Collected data

lemma zprox_inner_eq: "zprox lam \<delta> f x \<bullet> i = moment (\<lambda>y. y \<bullet> i) x / Z x"
proof -
  have "(\<integral>y. weight x y *\<^sub>R y \<partial>lborel) \<bullet> i = moment (\<lambda>y. y \<bullet> i) x"
    using integral_inner_left[OF integrable_weight_scaleR[OF cont_exp_growth_ident], of x i]
    by (simp add: moment_def)
  then show ?thesis
    by (simp add: zprox_def moment_def weight_def gibbs_def)
qed

inductive_set moment_algebra :: "('a \<Rightarrow> real) set" where
  moment: "cont_exp_growth p \<Longrightarrow> moment p \<in> moment_algebra"
| coordinate: "(\<lambda>x. x \<bullet> v) \<in> moment_algebra"
| const: "(\<lambda>x. c) \<in> moment_algebra"
| inverse: "g \<in> moment_algebra \<Longrightarrow> \<forall>x. g x \<noteq> 0 \<Longrightarrow> (\<lambda>x. 1 / g x) \<in> moment_algebra"
| add: "g \<in> moment_algebra \<Longrightarrow> h \<in> moment_algebra \<Longrightarrow> (\<lambda>x. g x + h x) \<in> moment_algebra"
| mult: "g \<in> moment_algebra \<Longrightarrow> h \<in> moment_algebra \<Longrightarrow> (\<lambda>x. g x * h x) \<in> moment_algebra"

lemma moment_algebra_has_derivative:
  assumes "g \<in> moment_algebra"
  shows "\<exists>D. (\<forall>x. (g has_derivative D x) (at x)) \<and> (\<forall>v. (\<lambda>x. D x v) \<in> moment_algebra)"
  using assms
proof induction
  case (moment p)
  have "(\<lambda>x. (1 / s) * (moment (\<lambda>y. p y * (y \<bullet> v)) x + (- 1) * ((x \<bullet> v) * moment p x)))
      \<in> moment_algebra" for v
    using moment.hyps
    by (intro moment_algebra.mult moment_algebra.add moment_algebra.const moment_algebra.coordinate
        moment_algebra.moment cont_exp_growth_mult cont_exp_growth_inner cont_exp_growth_ident)
  then have "(\<lambda>x. (moment (\<lambda>y. p y * (y \<bullet> v)) x - (x \<bullet> v) * moment p x) / s) \<in> moment_algebra" for v
    by (simp add: diff_divide_distrib)
  with moment_has_derivative[OF moment.hyps] show ?case
    by (intro exI[of _ "\<lambda>x h. (moment (\<lambda>y. p y * (y \<bullet> h)) x - (x \<bullet> h) * moment p x) / s"]) auto
next
  case (coordinate v)
  have "((\<lambda>x. x \<bullet> v) has_derivative (\<lambda>h. h \<bullet> v)) (at x)" for x
    by (auto intro!: derivative_eq_intros)
  then show ?case
    using moment_algebra.const by (intro exI[of _ "\<lambda>x h. h \<bullet> v"]) auto
next
  case (const c)
  then show ?case
    using moment_algebra.const by (intro exI[of _ "\<lambda>x h. 0"]) auto
next
  case (inverse g)
  then obtain D where D: "\<And>x. (g has_derivative D x) (at x)" "\<And>v. (\<lambda>x. D x v) \<in> moment_algebra"
    by blast
  have "((\<lambda>x. 1 / g x) has_derivative (\<lambda>v. - 1 * (1 / g x * (1 / g x * D x v)))) (at x)" for x
    using D(1)[of x] inverse.hyps(2)
    by (auto intro!: derivative_eq_intros simp: field_simps power2_eq_square)
  moreover have "(\<lambda>x. - 1 * (1 / g x * (1 / g x * D x v))) \<in> moment_algebra" for v
    using inverse.hyps D(2)
    by (intro moment_algebra.mult moment_algebra.const moment_algebra.inverse)
  ultimately show ?case
    by (intro exI[of _ "\<lambda>x v. - 1 * (1 / g x * (1 / g x * D x v))"]) auto
next
  case (add g h)
  then obtain Dg Dh where Dg: "\<And>x. (g has_derivative Dg x) (at x)" "\<And>v. (\<lambda>x. Dg x v) \<in> moment_algebra"
    and Dh: "\<And>x. (h has_derivative Dh x) (at x)" "\<And>v. (\<lambda>x. Dh x v) \<in> moment_algebra"
    by blast
  have "((\<lambda>x. g x + h x) has_derivative (\<lambda>v. Dg x v + Dh x v)) (at x)" for x
    by (intro has_derivative_add Dg Dh)
  moreover have "(\<lambda>x. Dg x v + Dh x v) \<in> moment_algebra" for v
    by (intro moment_algebra.add Dg Dh)
  ultimately show ?case
    by (intro exI[of _ "\<lambda>x v. Dg x v + Dh x v"]) auto
next
  case (mult g h)
  then obtain Dg Dh where Dg: "\<And>x. (g has_derivative Dg x) (at x)" "\<And>v. (\<lambda>x. Dg x v) \<in> moment_algebra"
    and Dh: "\<And>x. (h has_derivative Dh x) (at x)" "\<And>v. (\<lambda>x. Dh x v) \<in> moment_algebra"
    by blast
  have "((\<lambda>x. g x * h x) has_derivative (\<lambda>v. g x * Dh x v + Dg x v * h x)) (at x)" for x
    by (intro has_derivative_mult Dg Dh)
  moreover have "(\<lambda>x. g x * Dh x v + Dg x v * h x) \<in> moment_algebra" for v
    by (intro moment_algebra.add moment_algebra.mult mult.hyps Dg Dh)
  ultimately show ?case
    by (intro exI[of _ "\<lambda>x v. g x * Dh x v + Dg x v * h x"]) auto
qed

PROBLEM DETAILS
Identify each line in the entries with the word "lemma" and copy it.

SOLUTION TO THE EXERCISE
lemma zprox_inner_eq: "zprox lam \<delta> f x \<bullet> i = moment (\<lambda>y. y \<bullet> i) x / Z x"
lemma moment_algebra_has_derivative:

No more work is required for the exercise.